* _WORK ORDER_: Your response must be an exact transcription of the lines from the one containing "(\<forall>\<gamma>. weight_joining U" through the final line of the data.

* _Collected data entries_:
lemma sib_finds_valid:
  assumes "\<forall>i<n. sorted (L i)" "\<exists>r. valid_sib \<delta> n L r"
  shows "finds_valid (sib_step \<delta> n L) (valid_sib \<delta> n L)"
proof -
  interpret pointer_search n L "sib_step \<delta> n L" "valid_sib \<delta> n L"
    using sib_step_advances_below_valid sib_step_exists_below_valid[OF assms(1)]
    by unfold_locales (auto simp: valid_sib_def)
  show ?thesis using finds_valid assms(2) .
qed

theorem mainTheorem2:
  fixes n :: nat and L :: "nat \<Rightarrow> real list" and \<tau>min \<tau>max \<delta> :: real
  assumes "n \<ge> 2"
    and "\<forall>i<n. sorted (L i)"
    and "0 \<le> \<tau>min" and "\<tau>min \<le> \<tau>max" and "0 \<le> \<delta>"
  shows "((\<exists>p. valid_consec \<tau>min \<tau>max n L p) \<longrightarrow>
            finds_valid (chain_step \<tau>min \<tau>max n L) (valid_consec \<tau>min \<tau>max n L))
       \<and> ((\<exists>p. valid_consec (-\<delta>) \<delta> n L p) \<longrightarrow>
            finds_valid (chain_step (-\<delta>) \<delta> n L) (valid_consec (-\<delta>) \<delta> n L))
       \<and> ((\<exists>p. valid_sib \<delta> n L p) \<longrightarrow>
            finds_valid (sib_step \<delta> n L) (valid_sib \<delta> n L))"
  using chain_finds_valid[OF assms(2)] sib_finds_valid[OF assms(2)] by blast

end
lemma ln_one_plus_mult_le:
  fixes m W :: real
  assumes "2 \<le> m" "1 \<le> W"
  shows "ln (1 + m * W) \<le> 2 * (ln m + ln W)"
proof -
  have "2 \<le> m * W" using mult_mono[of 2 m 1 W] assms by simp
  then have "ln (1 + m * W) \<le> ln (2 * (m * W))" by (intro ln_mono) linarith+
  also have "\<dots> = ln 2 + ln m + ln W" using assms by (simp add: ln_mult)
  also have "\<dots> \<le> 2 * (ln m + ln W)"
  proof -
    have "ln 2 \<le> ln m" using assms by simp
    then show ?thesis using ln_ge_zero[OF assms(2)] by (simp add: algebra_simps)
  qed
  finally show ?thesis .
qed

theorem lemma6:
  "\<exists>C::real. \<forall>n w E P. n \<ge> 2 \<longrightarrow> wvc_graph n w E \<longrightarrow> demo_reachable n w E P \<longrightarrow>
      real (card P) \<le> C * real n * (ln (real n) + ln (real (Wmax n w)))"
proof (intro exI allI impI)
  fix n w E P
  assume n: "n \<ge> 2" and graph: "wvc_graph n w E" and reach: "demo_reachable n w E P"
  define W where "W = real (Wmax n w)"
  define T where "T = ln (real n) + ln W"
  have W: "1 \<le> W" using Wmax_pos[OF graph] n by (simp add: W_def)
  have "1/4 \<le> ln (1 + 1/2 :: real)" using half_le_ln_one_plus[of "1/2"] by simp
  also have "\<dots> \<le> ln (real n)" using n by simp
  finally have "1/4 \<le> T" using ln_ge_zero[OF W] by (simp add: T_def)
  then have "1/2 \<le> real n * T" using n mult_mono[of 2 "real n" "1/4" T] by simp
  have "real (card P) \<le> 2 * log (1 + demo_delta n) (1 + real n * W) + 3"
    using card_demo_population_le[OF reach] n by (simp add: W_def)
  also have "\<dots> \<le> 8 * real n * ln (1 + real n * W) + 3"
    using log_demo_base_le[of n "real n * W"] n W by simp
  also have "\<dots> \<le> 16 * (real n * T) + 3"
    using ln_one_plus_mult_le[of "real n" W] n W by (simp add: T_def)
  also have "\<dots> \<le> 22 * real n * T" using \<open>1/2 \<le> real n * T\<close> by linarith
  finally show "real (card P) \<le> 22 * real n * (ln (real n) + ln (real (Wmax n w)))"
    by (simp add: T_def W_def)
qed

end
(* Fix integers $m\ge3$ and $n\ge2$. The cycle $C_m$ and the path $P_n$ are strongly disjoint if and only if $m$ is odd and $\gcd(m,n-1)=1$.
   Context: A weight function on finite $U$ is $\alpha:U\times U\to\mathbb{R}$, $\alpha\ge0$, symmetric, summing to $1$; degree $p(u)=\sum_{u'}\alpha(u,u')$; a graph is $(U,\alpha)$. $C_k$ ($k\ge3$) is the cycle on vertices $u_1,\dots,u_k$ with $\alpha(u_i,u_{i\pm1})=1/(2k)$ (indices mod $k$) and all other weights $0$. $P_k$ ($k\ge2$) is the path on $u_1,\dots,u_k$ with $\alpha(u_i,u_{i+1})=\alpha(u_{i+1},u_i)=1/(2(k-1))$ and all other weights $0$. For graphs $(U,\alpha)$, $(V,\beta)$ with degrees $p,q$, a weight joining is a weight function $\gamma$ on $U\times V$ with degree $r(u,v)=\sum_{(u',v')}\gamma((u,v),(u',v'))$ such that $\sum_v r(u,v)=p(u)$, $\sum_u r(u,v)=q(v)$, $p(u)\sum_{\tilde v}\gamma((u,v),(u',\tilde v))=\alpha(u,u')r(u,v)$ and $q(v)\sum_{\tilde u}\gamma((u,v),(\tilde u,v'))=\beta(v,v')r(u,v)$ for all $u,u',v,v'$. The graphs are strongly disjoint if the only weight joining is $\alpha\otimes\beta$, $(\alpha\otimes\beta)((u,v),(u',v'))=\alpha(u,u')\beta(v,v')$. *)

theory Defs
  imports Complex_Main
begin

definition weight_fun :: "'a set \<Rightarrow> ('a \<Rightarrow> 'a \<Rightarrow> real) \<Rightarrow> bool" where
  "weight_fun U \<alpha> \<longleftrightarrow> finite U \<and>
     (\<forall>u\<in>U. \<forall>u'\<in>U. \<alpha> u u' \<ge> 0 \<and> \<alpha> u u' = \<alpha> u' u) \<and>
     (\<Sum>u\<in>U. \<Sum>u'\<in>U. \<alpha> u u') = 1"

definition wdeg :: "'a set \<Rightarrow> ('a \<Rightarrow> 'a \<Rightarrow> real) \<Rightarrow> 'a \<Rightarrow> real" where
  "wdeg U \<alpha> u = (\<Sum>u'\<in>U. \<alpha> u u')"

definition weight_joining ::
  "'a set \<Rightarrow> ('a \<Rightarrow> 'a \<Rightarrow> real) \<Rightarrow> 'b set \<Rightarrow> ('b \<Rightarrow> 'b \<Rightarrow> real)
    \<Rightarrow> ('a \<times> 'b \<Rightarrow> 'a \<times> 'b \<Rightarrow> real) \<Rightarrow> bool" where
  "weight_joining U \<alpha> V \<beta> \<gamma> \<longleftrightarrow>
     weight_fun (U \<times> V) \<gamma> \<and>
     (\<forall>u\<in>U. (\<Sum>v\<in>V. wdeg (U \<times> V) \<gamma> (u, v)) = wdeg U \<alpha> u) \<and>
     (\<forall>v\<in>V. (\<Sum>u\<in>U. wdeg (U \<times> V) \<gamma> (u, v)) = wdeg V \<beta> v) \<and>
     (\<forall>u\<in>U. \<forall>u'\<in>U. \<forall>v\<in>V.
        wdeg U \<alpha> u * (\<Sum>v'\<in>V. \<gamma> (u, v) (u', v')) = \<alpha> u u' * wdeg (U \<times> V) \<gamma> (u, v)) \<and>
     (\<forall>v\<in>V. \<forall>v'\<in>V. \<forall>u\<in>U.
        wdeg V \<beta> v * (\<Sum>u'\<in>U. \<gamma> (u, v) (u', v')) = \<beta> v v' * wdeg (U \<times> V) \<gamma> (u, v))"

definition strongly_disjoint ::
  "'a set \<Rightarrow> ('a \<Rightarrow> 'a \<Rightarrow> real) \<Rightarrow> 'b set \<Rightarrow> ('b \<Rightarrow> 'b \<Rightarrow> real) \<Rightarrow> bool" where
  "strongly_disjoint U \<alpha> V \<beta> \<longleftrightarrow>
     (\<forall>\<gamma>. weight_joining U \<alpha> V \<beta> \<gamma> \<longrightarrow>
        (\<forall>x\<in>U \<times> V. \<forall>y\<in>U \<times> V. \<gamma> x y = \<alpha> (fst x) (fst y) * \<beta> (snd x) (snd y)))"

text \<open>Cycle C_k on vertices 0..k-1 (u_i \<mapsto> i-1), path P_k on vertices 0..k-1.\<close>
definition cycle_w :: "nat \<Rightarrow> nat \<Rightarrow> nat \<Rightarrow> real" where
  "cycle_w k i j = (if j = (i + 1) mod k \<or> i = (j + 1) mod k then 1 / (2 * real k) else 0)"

* _RESPONSE TO THIS EXERCISE_:
     (\<forall>\<gamma>. weight_joining U \<alpha> V \<beta> \<gamma> \<longrightarrow>
        (\<forall>x\<in>U \<times> V. \<forall>y\<in>U \<times> V. \<gamma> x y = \<alpha> (fst x) (fst y) * \<beta> (snd x) (snd y)))"

text \<open>Cycle C_k on vertices 0..k-1 (u_i \<mapsto> i-1), path P_k on vertices 0..k-1.\<close>
definition cycle_w :: "nat \<Rightarrow> nat \<Rightarrow> nat \<Rightarrow> real" where
  "cycle_w k i j = (if j = (i + 1) mod k \<or> i = (j + 1) mod k then 1 / (2 * real k) else 0)"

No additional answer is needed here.